Dank Virtual Reality selbst zum Chirurgen werden
Mit einer VR-Brille mitten ins Herz blicken, eine neue Krebstherapie am eigenen Leib spüren – Die Ausstellung «Bewegte Einblicke» zeigt Forschung zum Anfassen.
Das Wichtigste in Kürze
- Die Ausstellung «Bewegte Einblicke» zeigt medizinische Forschung der Universität Basel.
- Diese kann man anfassen. So können Besucher etwa eine chirurgische VR-Brille ausprobieren.
- Oder mit der Hand Ultraschallwellen erspüren, die in der Krebstherapie zum Einsatz kommen sollen.
Ich ziehe den menschlichen Brustkorb an mich heran, tauche unter den Rippenbögen hindurch, bis ich das Herz ganz nah vor mir sehe. Wie das geht? Mit Hilfe der Virtual-Reality (VR)-Brille, die ich trage. Durch sie sehe ich einen Brustkorb mit Organen in 3D vor mir. Mit einer Steuerung, die ich wie eine Fernbedienung in der Hand halte, kann ich den Torso in alle Richtungen drehen und wenden. Auch so, dass ich aus dem Herzen heraus direkt in die Hauptschlagader hineinsehen kann. Ihre schiere Grösse überrascht mich: Sie ist so dick wie die Wirbelsäule, der Gedanke an das ganze Blut erschreckt mich.

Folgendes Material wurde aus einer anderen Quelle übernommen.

(* Let $(\mathrm{G},\mu)$ be a Lorentzian flat Lie group. Then $\mathrm{G}$ admits a timelike left-invariant Killing vector field (for $\mu$) if and only if $\mathrm{G}$ admits a left-invariant Riemannian metric whose Levi-Civita connection coincides with the Levi-Civita connection of $\mu$.
   Context: A Lorentzian flat Lie group is a connected Lie group $\mathrm{G}$ endowed with a left-invariant flat pseudo-Riemannian metric $\mu$ of signature $(-,+,\dots,+)$. A vector field $X$ is timelike if $\mu(X,X)<0$ everywhere, and Killing if the flow of $X$ preserves $\mu$. *)

theory Defs
  imports "HOL-Analysis.Analysis"
begin

text \<open>Everything is expressed at the level of the Lie algebra of the (connected) Lie group:
left-invariant vector fields are identified with elements of the Lie algebra,
left-invariant tensors with tensors on the Lie algebra.\<close>

definition lie_algebra :: "('a::euclidean_space \<Rightarrow> 'a \<Rightarrow> 'a) \<Rightarrow> bool" where
  "lie_algebra br \<longleftrightarrow> bilinear br \<and> (\<forall>x y. br x y = - br y x) \<and>
     (\<forall>x y z. br x (br y z) + br y (br z x) + br z (br x y) = 0)"

definition sym_bilinear_form :: "('a::euclidean_space \<Rightarrow> 'a \<Rightarrow> real) \<Rightarrow> bool" where
  "sym_bilinear_form B \<longleftrightarrow> bilinear B \<and> (\<forall>x y. B x y = B y x)"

Diese VR-Brille nutzen Chirurgen tatsächlich, um sich die Bilddaten ihrer Patienten vor einer Operation in 3D anzuschauen. So können sie komplizierte Eingriffe schneller und besser planen.
Nun können auch Patienten die Brille ausprobieren: Vom 27. April bis zum 1. Juni zeigt die Ausstellung «Bewegte Einblicke. Medizin in der vierten Dimension» im Pharmaziemuseum Basel aktuelle Forschung des Departement of Biomedical Engineering der Universität Basel. Dessen Leiter Philippe Cattin und sein Team haben die weltweit einzigartige VR-Brille entwickelt. Chirurgen an den Universitätsspitälern in Basel und Genf nutzen sie bereits bei Operationen, hauptsächlich bei lebensbedrohlichen Gefässerweiterungen im Gehirn.
Erleben statt Erklären
In der Ausstellung gibt es grundsätzlich wenig Text und Erklärung dafür umso mehr Erleben und Anfassen. «Sie ist für Jugendliche von zwölf Jahren bis zum Maturaalter konzipiert», sagt Kurator Reinhard Wendler. «Das Wichtigste ist der Spass». Wer doch mehr wissen will, findet über QR-codes und Links Informationen, die bis in die Tiefen der Forschungsprojekte führen.
Forschung zum Anfassen – Jetzt habe ich sogar das Gefühl, selbst angefasst zu werden. Ich halte meine Hand über ein neuartiges Ultraschallgerät. An den Fingerspitzen kitzelt es, ich spüre den Ultraschall als sanften Druck auf der Handfläche.
Ultraschall zur Krebstherapie
Hinter dem Gerät steht ein Verfahren zur Krebstherapie, bei dem Tumore mit Ultraschall sozusagen kaputt-gekocht werden. Das ist dann sinnvoll, wenn sie nicht chirurgisch entfernt oder bestrahlt werden können, etwa weil sie zu dicht an Blutgefässen oder zu tief im Gewebe liegen.
Damit dabei kein gesundes Gewebe zerstört wird, muss der Ultraschall den Tumor punktgenau treffen. Das Geschwür bewegt sich aber mit der Atmung, weswegen sich die Schallwellen ebenfalls bewegen müssen. Um dieses Problem zu lösen, haben Philippe Cattin und sein Team ein mathematisches Modell entwickelt, das die Atembewegung für jeden Patienten individuell voraussagt. Im Moment prüfen die Forscher noch die Verlässlichkeit der Methode, erst danach werden Ärzte sie einsetzen können.